Sara Rebecca Moore Browder (1947–2021) was an award-winning author and essayist whose published works include short stories, memoirs and biography. Her collection of creative nonfiction, Sorry Men in Southern Literature: 21 Original Short Stories, was published posthumously in 2023 by Home House Press. She was the wife of former U.S. Rep. Glen Browder, D-Alabama.

Her writing reflects sardonic memories of the foibles she observed in the people she met throughout her life, primarily in the rural South, but also in locales as distant from her childhood home as Russia and California.[1] Her wry Southern humor and "grim" landscapes have been compared to those of Flannery O'Connor and William Gay.[1]

She was a native of Clinton, South Carolina, and graduated from Clinton High School in 1966. She went on to earn Bachelor of Arts, Master of Public Administration and Master of Fine Arts degrees. She traveled extensively, visiting some 25 countries.[2] She lived most of her adult life in Alabama and Washington, D.C.

Early Life[edit]

She was born Sara Rebecca Moore, the second of three daughters of Frank Thomas Moore and Audrey King Moore of Clinton. Growing up in poverty in a textile mill village, she dreamed of exotic places, often recording her thoughts on scraps of paper, napkins or the backs of envelopes.[2] In her later life, she was able to travel widely and see some of the places she'd fantasized about as a child, but it was her small-town childhood that formed the settings for much of her writing. Her stories were often founded in memories of her experiences with family and acquaintances in Laurens County, South Carolina, in the 1940s-50s.[3]
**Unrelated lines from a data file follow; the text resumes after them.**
(* Let $G=G_1\ast_C G_2$ be an amalgamated free product over an infinite cyclic subgroup $C$. If $G_2$ is abelian, assume furthermore that $G_2=K\oplus L$ with $C\leqslant K$ and $|L|>2$. Then $G$ has a nontrivial automorphism whose restriction to $G_1$ is the identity. *)

theory Defs
  imports "HOL-Algebra.Algebra"
begin

text \<open>G is (internally) the amalgamated free product of its subgroups G1 and G2 over
  C = G1 \<inter> G2: G is generated by G1 \<union> G2, and every pair of homomorphisms
  from G1 and G2 into a group H that agree on C extends to a homomorphism G \<rightarrow> H
  (the pushout universal property; uniqueness of the extension follows from generation).
  Target groups H range over groups whose carrier lies in the element type of G.\<close>
definition amalgamated_free_product ::
  "('a, 'b) monoid_scheme \<Rightarrow> 'a set \<Rightarrow> 'a set \<Rightarrow> 'a set \<Rightarrow> bool" where
  "amalgamated_free_product G G1 G2 C \<longleftrightarrow>
     group G \<and> subgroup G1 G \<and> subgroup G2 G \<and> G1 \<inter> G2 = C \<and>
     generate G (G1 \<union> G2) = carrier G \<and>
     (\<forall>(H :: 'a monoid) h1 h2.
        group H \<and> h1 \<in> hom (G\<lparr>carrier := G1\<rparr>) H \<and> h2 \<in> hom (G\<lparr>carrier := G2\<rparr>) H \<and>
        (\<forall>c\<in>C. h1 c = h2 c) \<longrightarrow>
        (\<exists>h \<in> hom G H. (\<forall>x\<in>G1. h x = h1 x) \<and> (\<forall>x\<in>G2. h x = h2 x)))"

definition infinite_cyclic_subgroup :: "('a, 'b) monoid_scheme \<Rightarrow> 'a set \<Rightarrow> bool" where
  "infinite_cyclic_subgroup G C \<longleftrightarrow>
     subgroup C G \<and> infinite C \<and> (\<exists>c\<in>C. C = generate G {c})"

definition internal_direct_sum :: "('a, 'b) monoid_scheme \<Rightarrow> 'a set \<Rightarrow> 'a set \<Rightarrow> 'a set \<Rightarrow> bool" where
  "internal_direct_sum G A K L \<longleftrightarrow>
     subgroup K G \<and> subgroup L G \<and> K \<subseteq> A \<and> L \<subseteq> A \<and>
     K \<inter> L = {\<one>\<^bsub>G\<^esub>} \<and> K <#>\<^bsub>G\<^esub> L = A"

end

theory Submission
  imports Defs
begin

text \<open>
  An automorphism of \<open>G\<^sub>2\<close> fixing \<open>C\<close> pointwise extends, by the pushout property, to an
  automorphism of \<open>G\<close> fixing \<open>G\<^sub>1\<close>; so it suffices to find a nontrivial one. If some element
  of \<open>G\<^sub>2\<close> centralises \<open>C\<close> without being central in \<open>G\<^sub>2\<close>, conjugation by it will do.
  Otherwise, \<open>C\<close> being abelian, \<open>G\<^sub>2\<close> is abelian, \<open>G\<^sub>2 = K \<oplus> L\<close> with \<open>C \<le> K\<close>, and we act on \<open>L\<close> only:
  by inversion if \<open>L\<close> has an element of order greater than 2. Otherwise \<open>L\<close> is an elementary
  abelian 2-group with at least four elements; take \<open>a \<noteq> 1\<close> in \<open>L\<close>, a subgroup \<open>M \<supseteq> K\<close> of
  index 2 avoiding \<open>a\<close> (Zorn), and an involution \<open>m \<noteq> 1\<close> in \<open>M \<inter> L\<close>; then fixing \<open>M\<close> and
  multiplying the other coset by \<open>m\<close> is an automorphism moving \<open>a\<close>.
\<close>

lemma hom_inverse_imp_iso:
  assumes f: "f \<in> hom G H" and g: "g ` carrier H \<subseteq> carrier G"
    and gf: "\<forall>x\<in>carrier G. g (f x) = x" and fg: "\<forall>y\<in>carrier H. f (g y) = y"
  shows "f \<in> iso G H"
proof -
  have "f ` carrier G \<subseteq> carrier H" using f by (auto simp: hom_def)
  then have "bij_betw f (carrier G) (carrier H)"
    using g gf fg by (intro bij_betw_byWitness[where f' = g]) auto
  then show ?thesis using f by (simp add: iso_def)
qed

lemma (in group) hom_eq_on_generate:
  assumes H: "group H" and f: "f \<in> hom G H" and g: "g \<in> hom G H"
    and S: "S \<subseteq> carrier G" and agree: "\<forall>x\<in>S. f x = g x"
    and x: "x \<in> generate G S"
  shows "f x = g x"
proof -
  interpret f: group_hom G H f using H f by (simp add: group_hom_def group_hom_axioms_def)
  interpret g: group_hom G H g using H g by (simp add: group_hom_def group_hom_axioms_def)
  from x show ?thesis
  proof induction
    case one then show ?case by simp
  next
    case (incl h) then show ?case using agree by simp
  next
    case (inv h) then show ?case using agree S by (auto simp: f.hom_inv g.hom_inv)
  next
    case (eng h1 h2)
    then have "h1 \<in> carrier G" "h2 \<in> carrier G" using generate_in_carrier S by auto
    then show ?case using eng.IH by simp
  qed
qed

lemma (in group) inner_automorphism_iso:
  assumes g: "g \<in> carrier G"
  shows "(\<lambda>x. g \<otimes> x \<otimes> inv g) \<in> iso G G"
proof (rule hom_inverse_imp_iso[where g = "\<lambda>x. inv g \<otimes> x \<otimes> g"])
  show "(\<lambda>x. g \<otimes> x \<otimes> inv g) \<in> hom G G"
    using g by (auto simp: hom_def m_assoc) (simp add: m_assoc[symmetric])
  show "\<forall>x\<in>carrier G. inv g \<otimes> (g \<otimes> x \<otimes> inv g) \<otimes> g = x"
    using g conjugation_is_surj[of "inv g"] by simp
  show "\<forall>y\<in>carrier G. g \<otimes> (inv g \<otimes> y \<otimes> g) \<otimes> inv g = y"
    using g conjugation_is_surj by simp
qed (use g in auto)

lemma (in group) nontrivial_inner_automorphism_fixing:
  assumes C: "C \<subseteq> carrier G" and g: "g \<in> carrier G" and gC: "\<forall>c\<in>C. g \<otimes> c = c \<otimes> g"
    and x: "x \<in> carrier G" and gx: "g \<otimes> x \<noteq> x \<otimes> g"
  shows "\<exists>\<psi>\<in>iso G G. (\<forall>c\<in>C. \<psi> c = c) \<and> (\<exists>x\<in>carrier G. \<psi> x \<noteq> x)"
proof (intro bexI[of _ "\<lambda>x. g \<otimes> x \<otimes> inv g"] conjI)
  show "\<forall>c\<in>C. g \<otimes> c \<otimes> inv g = c" using C g gC by (auto simp: m_assoc)
  show "\<exists>x\<in>carrier G. g \<otimes> x \<otimes> inv g \<noteq> x"
  proof (intro bexI[OF _ x] notI)
    assume "g \<otimes> x \<otimes> inv g = x"
    then have "g \<otimes> x \<otimes> inv g \<otimes> g = x \<otimes> g" by simp
    then show False using gx g x by (simp add: m_assoc)
  qed
qed (rule inner_automorphism_iso[OF g])

lemma (in group) generate_singleton_commute:
  assumes c: "c \<in> carrier G" and a: "a \<in> generate G {c}" and b: "b \<in> generate G {c}"
  shows "a \<otimes> b = b \<otimes> a"
proof -
  obtain i j :: int where "a = c [^] i" "b = c [^] j"
    using a b generate_pow[OF c] by blast
  then show ?thesis using c by (simp add: int_pow_mult[symmetric] add.commute)
qed

lemma (in group) comm_group_if_centralizer_central:
  assumes A: "subgroup A G" and CA: "C \<subseteq> A" and Ccomm: "\<forall>a\<in>C. \<forall>b\<in>C. a \<otimes> b = b \<otimes> a"
    and central: "\<forall>g\<in>A. (\<forall>c\<in>C. g \<otimes> c = c \<otimes> g) \<longrightarrow> (\<forall>x\<in>A. g \<otimes> x = x \<otimes> g)"
  shows "comm_group (G\<lparr>carrier := A\<rparr>)"
proof -
  have "\<forall>c\<in>C. \<forall>x\<in>A. c \<otimes> x = x \<otimes> c" using central CA Ccomm by blast
  then have "\<forall>x\<in>A. \<forall>y\<in>A. x \<otimes> y = y \<otimes> x" using central by metis
  interpret A: group "G\<lparr>carrier := A\<rparr>" by (rule subgroup_imp_group[OF A])
  show ?thesis by (rule A.group_comm_groupI) (simp add: \<open>\<forall>x\<in>A. \<forall>y\<in>A. x \<otimes> y = y \<otimes> x\<close>)
qed

lemma (in group) direct_decomposition_unique:
  assumes K: "subgroup K G" and L: "subgroup L G" and KL: "K \<inter> L = {\<one>}"
    and k: "k \<in> K" "k' \<in> K" and l: "l \<in> L" "l' \<in> L" and eq: "k \<otimes> l = k' \<otimes> l'"
  shows "k = k' \<and> l = l'"
proof -
  have carr: "k \<in> carrier G" "k' \<in> carrier G" "l \<in> carrier G" "l' \<in> carrier G"
    using k l subgroup.mem_carrier[OF K] subgroup.mem_carrier[OF L] by auto
  have "inv k' \<otimes> k = inv k' \<otimes> (k \<otimes> l) \<otimes> inv l" using carr by (simp add: m_assoc)
  also have "\<dots> = l' \<otimes> inv l" using carr by (simp add: eq m_assoc[symmetric])
  finally have "inv k' \<otimes> k \<in> K \<inter> L"
    using k l by (metis IntI K L subgroup.m_closed subgroup.m_inv_closed)
  then have "inv k' \<otimes> k = \<one>" using KL by blast
  moreover have "k = k' \<otimes> (inv k' \<otimes> k)" using carr by (simp add: m_assoc[symmetric])
  ultimately have "k = k'" using carr by simp
  then show ?thesis using eq carr by simp
qed

lemma (in comm_group) direct_sum_invert_factor_iso:
  assumes K: "subgroup K G" and L: "subgroup L G" and KL: "K \<inter> L = {\<one>}"
    and sum: "K <#> L = carrier G"
  shows "\<exists>\<psi>\<in>iso G G. \<forall>k\<in>K. \<forall>l\<in>L. \<psi> (k \<otimes> l) = k \<otimes> inv l"
proof
  define \<psi> where "\<psi> x = (THE y. \<exists>k\<in>K. \<exists>l\<in>L. x = k \<otimes> l \<and> y = k \<otimes> inv l)" for x
  show \<psi>: "\<forall>k\<in>K. \<forall>l\<in>L. \<psi> (k \<otimes> l) = k \<otimes> inv l"
    unfolding \<psi>_def using direct_decomposition_unique[OF K L KL]
    by (intro ballI the_equality) blast+
  have decomp: "\<exists>k\<in>K. \<exists>l\<in>L. x = k \<otimes> l" if "x \<in> carrier G" for x
    using that unfolding sum[symmetric] set_mult_def by blast
  have carr: "k \<in> carrier G" "l \<in> carrier G" if "k \<in> K" "l \<in> L" for k l
    using that subgroup.mem_carrier[OF K] subgroup.mem_carrier[OF L] by auto
  have hom: "\<psi> \<in> hom G G"
  proof (rule homI)
    show "\<psi> x \<in> carrier G" if "x \<in> carrier G" for x
      using decomp[OF that] \<psi> carr by auto
    show "\<psi> (x \<otimes> y) = \<psi> x \<otimes> \<psi> y" if xy: "x \<in> carrier G" "y \<in> carrier G" for x y
    proof -
      obtain k l k' l' where kl: "k \<in> K" "l \<in> L" "k' \<in> K" "l' \<in> L"
        and xy: "x = k \<otimes> l" "y = k' \<otimes> l'"
        using decomp xy by meson
      have "x \<otimes> y = (k \<otimes> k') \<otimes> (l \<otimes> l')" using kl carr by (simp add: xy m_ac)
      then have "\<psi> (x \<otimes> y) = (k \<otimes> k') \<otimes> inv (l \<otimes> l')"
        using \<psi> kl K L by (simp add: subgroup.m_closed)
      also have "\<dots> = \<psi> x \<otimes> \<psi> y" using \<psi> kl carr by (simp add: xy inv_mult m_ac)
      finally show ?thesis .
    qed
  qed
  have "\<psi> (\<psi> x) = x" if "x \<in> carrier G" for x
    using decomp[OF that] \<psi> carr L by (auto simp: subgroup.m_inv_closed)
  with hom show "\<psi> \<in> iso G G" by (intro hom_inverse_imp_iso[where g = \<psi>]) (auto simp: hom_def)
qed

lemma (in group) subgroup_Union_chain:
  assumes ne: "\<C> \<noteq> {}" and sub: "\<forall>N\<in>\<C>. subgroup N G" and ch: "chain\<^sub>\<subseteq> \<C>"
  shows "subgroup (\<Union>\<C>) G"
proof (rule subgroup.intro)
  show "x \<otimes> y \<in> \<Union>\<C>" if xy: "x \<in> \<Union>\<C>" "y \<in> \<Union>\<C>" for x y
  proof -
    obtain N N' where N: "N \<in> \<C>" "N' \<in> \<C>" and "x \<in> N" "y \<in> N'" using xy by blast
    moreover have "N \<subseteq> N' \<or> N' \<subseteq> N" using ch N unfolding chain_subset_def by blast
    ultimately have "x \<in> N \<and> y \<in> N \<or> x \<in> N' \<and> y \<in> N'" by blast
    then show ?thesis using N sub subgroup.m_closed by (metis UnionI)
  qed
  show "\<Union>\<C> \<subseteq> carrier G" using sub subgroup.subset by blast
  show "\<one> \<in> \<Union>\<C>" using ne sub subgroup.one_closed by blast
  show "inv x \<in> \<Union>\<C>" if x: "x \<in> \<Union>\<C>" for x
  proof -
    obtain N where "N \<in> \<C>" "x \<in> N" using x by blast
    then show ?thesis using sub subgroup.m_inv_closed by (metis UnionI)
  qed
qed

lemma (in comm_group) subgroup_Un_r_coset:
  assumes M: "subgroup M G" and x: "x \<in> carrier G" and xx: "x \<otimes> x \<in> M"
  shows "subgroup (M \<union> (M #> x)) G"
proof -
  have carr: "m \<in> carrier G" if "m \<in> M" for m using that subgroup.mem_carrier[OF M] by blast
  note closed = subgroup.m_closed[OF M] subgroup.m_inv_closed[OF M]
  show ?thesis
  proof (rule subgroup.intro)
    show "M \<union> (M #> x) \<subseteq> carrier G" using carr x by (auto simp: r_coset_def)
    show "\<one> \<in> M \<union> (M #> x)" using subgroup.one_closed[OF M] by blast
    show "u \<otimes> v \<in> M \<union> (M #> x)" if uv: "u \<in> M \<union> (M #> x)" "v \<in> M \<union> (M #> x)" for u v
    proof -
      have coset: "m \<otimes> x \<in> M #> x" if "m \<in> M" for m
        using that subgroup.subset[OF M] x by (rule rcosI)
      consider "u \<in> M" "v \<in> M" | m where "u \<in> M" "m \<in> M" "v = m \<otimes> x"
        | m where "m \<in> M" "u = m \<otimes> x" "v \<in> M"
        | m m' where "m \<in> M" "m' \<in> M" "u = m \<otimes> x" "v = m' \<otimes> x"
        using uv unfolding r_coset_def by blast
      then show ?thesis
      proof cases
        case 1 then show ?thesis using closed(1) by simp
      next
        case (2 m)
        then have "u \<otimes> v = (u \<otimes> m) \<otimes> x" using carr x by (simp add: m_assoc)
        then show ?thesis using 2 closed(1) coset by simp
      next
        case (3 m)
        then have "u \<otimes> v = (m \<otimes> v) \<otimes> x" using carr x by (simp add: m_ac)
        then show ?thesis using 3 closed(1) coset by simp
      next
        case (4 m m')
        then have "u \<otimes> v = m \<otimes> m' \<otimes> (x \<otimes> x)" using carr x by (simp add: m_ac)
        then show ?thesis using 4 closed(1) xx by simp
      qed
    qed
    show "inv u \<in> M \<union> (M #> x)" if "u \<in> M \<union> (M #> x)" for u
    proof -
      have "inv (x \<otimes> x) \<otimes> x = inv x" using x by (simp add: inv_mult m_assoc)
      then have "inv (m \<otimes> x) = (inv m \<otimes> inv (x \<otimes> x)) \<otimes> x" if "m \<in> M" for m
        using that carr x by (simp add: inv_mult m_assoc)
      then show ?thesis using that closed xx by (auto simp: r_coset_def)
    qed
  qed
qed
Although college tuition was beyond her means, it was on the campus of Presbyterian College in Clinton that she met her future husband. She was working as a secretary in the college administration building in the summer of 1966, and Glen Browder was working in the college's publicity department on the same floor. They married in February 1967 and lived in Atlanta, Georgia, where Glen worked as an investigator for the Civil Service Commission.[4]

Thanks in large part to Becky's financial prowess, they saved enough money in the first year of their marriage for a shoestring-budget tour of Europe.They visited Iceland, Luxembourg, France, Switzerland, Germany, Italy, Monaco and Spain, and from Spain they crossed the Mediterranean into North Africa.[4]
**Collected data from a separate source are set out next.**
(* Consider the optical channel with a direct-detection receiver: the input is a coherent state $|S\rangle$ with random amplitude $S\in\mathbb{C}$ subject to $\mathbb{E}[|S|^2]\le\mathcal{E}$, and the output is the photon count, which given $S$ is Poisson distributed with mean $|S|^2$. Let $C_{\sf DD}(\mathcal{E})$ be its capacity (in nats per channel use). As $\mathcal{E}\to0$, the optimal input distribution is on-off keying, $$|S\rangle=\begin{cases}|0\rangle&\text{with probability }1-p^*,\\ |\sqrt{\mathcal{E}/p^*}\rangle&\text{with probability }p^*,\end{cases}\qquad\text{with}\quad \lim_{\mathcal{E}\to0}\frac{p^*}{\frac{\mathcal{E}}{2}\log\frac{1}{\mathcal{E}}}=1,$$ and $$C_{\sf DD}(\mathcal{E})=\mathcal{E}\log\frac1{\mathcal{E}}-\mathcal{E}\log\log\frac1{\mathcal{E}}+O(\mathcal{E}).$$
   Context: $\log$ is the natural logarithm. $O(\mathcal{E})$ denotes a function $f(\mathcal{E})$ with $\limsup_{\mathcal{E}\to0}|f(\mathcal{E})/\mathcal{E}|<\infty$. *)

theory Defs
  imports "HOL-Probability.Probability" "HOL-Library.Landau_Symbols"
begin

definition poi :: "real \<Rightarrow> nat \<Rightarrow> real" where
  "poi l k = exp (- l) * l ^ k / fact k"

definition out_pmf :: "complex measure \<Rightarrow> nat \<Rightarrow> real" where
  "out_pmf M k = (\<integral>s. poi ((cmod s)\<^sup>2) k \<partial>M)"

definition div_term :: "real \<Rightarrow> real \<Rightarrow> real" where
  "div_term p q = (if p = 0 then 0 else p * ln (p / q))"

text \<open>Mutual information I(S;Y) in nats: E_S[ D(P_{Y|S} || P_Y) ].\<close>
definition info :: "complex measure \<Rightarrow> real" where
  "info M = (\<integral>s. (\<Sum>k. div_term (poi ((cmod s)\<^sup>2) k) (out_pmf M k)) \<partial>M)"

definition admissible :: "real \<Rightarrow> complex measure \<Rightarrow> bool" where
  "admissible E M \<longleftrightarrow> prob_space M \<and> sets M = sets borel \<and>
     integrable M (\<lambda>s. (cmod s)\<^sup>2) \<and> (\<integral>s. (cmod s)\<^sup>2 \<partial>M) \<le> E"

definition C_DD :: "real \<Rightarrow> real" where
  "C_DD E = Sup (info ` {M. admissible E M})"

definition ook :: "real \<Rightarrow> real \<Rightarrow> complex pmf" where
  "ook E p = map_pmf (\<lambda>b. if b then complex_of_real (sqrt (E / p)) else 0) (bernoulli_pmf p)"

end

theory Submission
  imports Defs
begin

text \<open>
  Upper bound: for every reference output law \<open>Q\<close>, \<open>I(S;Y) \<le> E\<^sub>S[D(Poi(\<bar>S\<bar>\<^sup>2) \<parallel> Q)]\<close>.
  Taking \<open>Q(0) = 1 - E\<close> and \<open>Q(k) = E 2\<^sup>-\<^sup>k\<close> for \<open>k \<ge> 1\<close>, the divergence from a Poisson law of
  mean \<open>l\<close> is at most \<open>2E + l (ln (1/E) - ln ln (1/E) + 1 + ln 2)\<close>, which is linear in \<open>l\<close>;
  averaging under the energy constraint bounds the capacity by
  \<open>E ln (1/E) - E ln ln (1/E) + O(E)\<close>.
  Lower bound: on-off keying with \<open>p = (E/2) ln (1/E)\<close> sends pulses of energy \<open>2 / ln (1/E)\<close>,
  detected with probability about \<open>E/p\<close>, and each detection is worth \<open>ln (1/p)\<close> nats;
  this gives \<open>E ln (1/E) - E ln ln (1/E) - 2E\<close>.
\<close>

section \<open>Poisson probabilities and elementary inequalities\<close>

lemma poi_nonneg: "0 \<le> l \<Longrightarrow> 0 \<le> poi l k"
  unfolding poi_def by simp

lemma poi_pos: "0 < l \<Longrightarrow> 0 < poi l k"
  unfolding poi_def by simp

lemma poi_0_left: "poi 0 k = (if k = 0 then 1 else 0)"
  unfolding poi_def by simp

lemma poi_Suc: "poi l (Suc k) = l * poi l k / Suc k"
  unfolding poi_def by (simp add: field_simps)

lemma sums_poi: "(\<lambda>k. poi l k) sums 1"
proof -
  have "(\<lambda>k. exp (-l) * (l ^ k / fact k)) sums (exp (-l) * exp l)"
    using exp_converges[of l] by (intro sums_mult) (simp add: divide_inverse_commute)
  then show ?thesis
    unfolding poi_def[abs_def] by (simp add: exp_minus)
qed

lemma sums_poi_Suc: "(\<lambda>k. poi l (Suc k)) sums (1 - exp (-l))"
  using sums_poi[of l] by (subst sums_Suc_iff) (simp add: poi_def[of l 0])

lemma sums_Suc_mult_poi_Suc: "(\<lambda>k. real (Suc k) * poi l (Suc k)) sums l"
  using sums_mult[OF sums_poi, of l] by (simp add: poi_Suc)

lemma poi_le_one_minus_exp:
  assumes "0 \<le> l" "k \<noteq> 0"
  shows "poi l k \<le> 1 - exp (-l)"
proof -
  have "sum (poi l) {0, k} \<le> suminf (poi l)"
    using sums_poi[of l] assms by (intro sum_le_suminf) (auto simp: sums_iff poi_nonneg)
  then show ?thesis
    using sums_poi[of l] assms by (simp add: sums_iff poi_def[of l 0])
qed

lemma ln_inverse_ge:
  fixes a E :: real
  assumes "0 < E" "E \<le> exp (- a)"
  shows "a \<le> ln (1 / E)"
proof -
  have "E * exp a \<le> exp (- a) * exp a"
    using assms(2) by (intro mult_right_mono) auto
  then have "exp a \<le> 1 / E"
    using assms by (simp add: exp_minus field_simps)
  then show ?thesis
    using assms by (simp add: ln_ge_iff)
qed

lemma one_minus_exp_ge:
  fixes A :: real
  assumes "0 \<le> A"
  shows "A - A\<^sup>2 / 2 \<le> 1 - exp (- A)"
proof -
  let ?f = "\<lambda>x::real. 1 - exp (- x) - x + x\<^sup>2 / 2"
  have "?f 0 \<le> ?f A"
  proof (rule DERIV_nonneg_imp_increasing_open[OF assms])
    fix x :: real
    have "(?f has_real_derivative (exp (- x) - 1 + x)) (at x)"
      by (auto intro!: derivative_eq_intros simp: power2_eq_square field_simps)
    moreover have "0 \<le> exp (- x) - 1 + x"
      using exp_ge_add_one_self[of "- x"] by simp
    ultimately show "\<exists>y. (?f has_real_derivative y) (at x) \<and> 0 \<le> y"
      by blast
  qed (intro continuous_intros; simp)
  then show ?thesis
    by simp
qed

lemma one_minus_exp_plus_square_le:
  fixes l :: real
  assumes "0 \<le> l"
  shows "(1 - exp (- l)) + (1 - exp (- l))\<^sup>2 / 2 \<le> l"
proof -
  let ?f = "\<lambda>x::real. x - (1 - exp (- x)) - (1 - exp (- x))\<^sup>2 / 2"
  have "?f 0 \<le> ?f l"
  proof (rule DERIV_nonneg_imp_increasing_open[OF assms])
    fix x :: real
    have "(?f has_real_derivative (1 - exp (- x))\<^sup>2) (at x)"
      by (auto intro!: derivative_eq_intros simp: power2_eq_square field_simps)
    then show "\<exists>y. (?f has_real_derivative y) (at x) \<and> 0 \<le> y"
      by auto
  qed (intro continuous_intros; simp)
  then show ?thesis
    by simp
qed

lemma ln_le_one_plus_quarter:
  fixes x :: real
  assumes "0 < x"
  shows "ln x \<le> 1 + x / 4"
proof -
  have "ln x - ln 4 \<le> x / 4 - 1"
    using ln_le_minus_one[of "x / 4"] assms by (simp add: ln_div)
  moreover have "ln (4::real) = 2 * ln 2"
    using ln_realpow[of 2 2] by simp
  ultimately show ?thesis
    using ln_2_less_1 by linarith
qed

text \<open>With \<open>u = 1 - e\<^sup>-\<^sup>l\<close>, the quadratic excess \<open>u\<^sup>2/2\<close> of \<open>l\<close> over \<open>u\<close> absorbs the error
  of \<open>ln u \<le> 1 + u L / 4 - ln L\<close>.\<close>
lemma one_minus_exp_ln_le:
  fixes L l :: real
  assumes L: "1 \<le> L" and l: "0 \<le> l"
  shows "(1 - exp (- l)) * ln (1 - exp (- l)) + (1 - exp (- l)) * L \<le> l * (L - ln L + 1)"
proof (cases "l = 0")
  case False
  define u where "u = 1 - exp (- l)"
  define b where "b = L - ln L + 1"
  have u: "0 < u"
    using False l by (simp add: u_def)
  have "ln 2 + ln L \<le> 1 + L / 2"
    using ln_le_one_plus_quarter[of "2 * L"] L by (simp add: ln_mult)
  moreover have "0 < ln (2::real)"
    by simp
  ultimately have "L / 2 \<le> b"
    unfolding b_def by linarith
  have "ln u \<le> 1 + u * L / 4 - ln L"
    using ln_le_one_plus_quarter[of "u * L"] u L by (simp add: ln_mult)
  then have "u * ln u + u * L \<le> u * (1 + u * L / 4 - ln L) + u * L"
    using u by (simp add: mult_left_mono)
  also have "\<dots> = u * b + u\<^sup>2 * (L / 4)"
    by (simp add: b_def power2_eq_square algebra_simps)
  also have "\<dots> \<le> u * b + u\<^sup>2 * (b / 2)"
    using \<open>L / 2 \<le> b\<close> by (intro add_left_mono mult_left_mono) auto
  also have "\<dots> = (u + u\<^sup>2 / 2) * b"
    by (simp add: algebra_simps)
  also have "\<dots> \<le> l * b"
    using one_minus_exp_plus_square_le[OF l] \<open>L / 2 \<le> b\<close> L
    by (intro mult_right_mono) (auto simp: u_def)
  finally show ?thesis
    by (simp add: u_def b_def)
qed simp

section \<open>Relative entropy and the duality bound\<close>

lemma le_one_if_sums_one:
  fixes f :: "nat \<Rightarrow> real"
  assumes "f sums 1" "\<And>k. 0 \<le> f k"
  shows "f k \<le> 1"
proof -
  have "sum f {k} \<le> suminf f"
    using assms by (intro sum_le_suminf) (auto simp: sums_iff)
  then show ?thesis
    using assms(1) by (simp add: sums_iff)
qed

text \<open>Shifting the summand of \<open>D(p\<parallel>q)\<close> by \<open>q - p\<close> makes it nonnegative, and does not change
  the sum when \<open>p\<close> and \<open>q\<close> are both probability vectors.\<close>
definition kl_term :: "real \<Rightarrow> real \<Rightarrow> real" where
  "kl_term p q = div_term p q - p + q"

lemma kl_term_nonneg:
  assumes "0 \<le> p" "0 < q"
  shows "0 \<le> kl_term p q"
proof (cases "p = 0")
  case False
  with assms have p: "0 < p"
    by simp
  have "p * ln (q / p) \<le> p * (q / p - 1)"
    using p assms by (intro mult_left_mono ln_le_minus_one) auto
  moreover have "p * (q / p - 1) = q - p"
    using p by (simp add: field_simps)
  moreover have "ln (p / q) = - ln (q / p)"
    using p assms by (simp add: ln_div)
  ultimately show ?thesis
    using p by (simp add: kl_term_def div_term_def)
qed (use assms in \<open>simp add: kl_term_def div_term_def\<close>)

lemma kl_term_le:
  assumes "0 \<le> p" "p \<le> 1" "0 < q"
  shows "kl_term p q \<le> \<bar>ln q\<bar> + q"
proof (cases "p = 0")
  case False
  with assms have p: "0 < p"
    by simp
  have "p * ln (p / q) = p * ln p - p * ln q"
    using p assms by (simp add: ln_div algebra_simps)
  also have "\<dots> \<le> p * \<bar>ln q\<bar>"
  proof -
    have "ln p \<le> 0"
      using p assms by simp
    then have "ln p - ln q \<le> \<bar>ln q\<bar>"
      by linarith
    then show ?thesis
      using p by (simp add: mult_left_mono flip: right_diff_distrib)
  qed
  also have "\<dots> \<le> \<bar>ln q\<bar>"
    using assms by (simp add: mult_left_le_one_le)
  finally show ?thesis
    using assms by (simp add: kl_term_def div_term_def)
qed (use assms in \<open>simp add: kl_term_def div_term_def\<close>)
Soon after returning to Atlanta, Glen entered graduate school at Emory University. Becky supplemented his $300 monthly stipend by typing papers for other students. Pursuing her own degree became possible after Glen earned his Ph.D. and accepted a position as an assistant professor in the Political Science department at Jacksonville State University in Jacksonville, Alabama, in 1971. During the early 1970s, Becky worked as a stock broker while taking classes at JSU. She achieved a longtime goal of earning her bachelor's degree, in sociology, in 1974. Afterward, she taught finance at the university while working toward her master's degree. She attained the Master of Public Administration degree with concentrations in finance and criminal justice in 1978.[4]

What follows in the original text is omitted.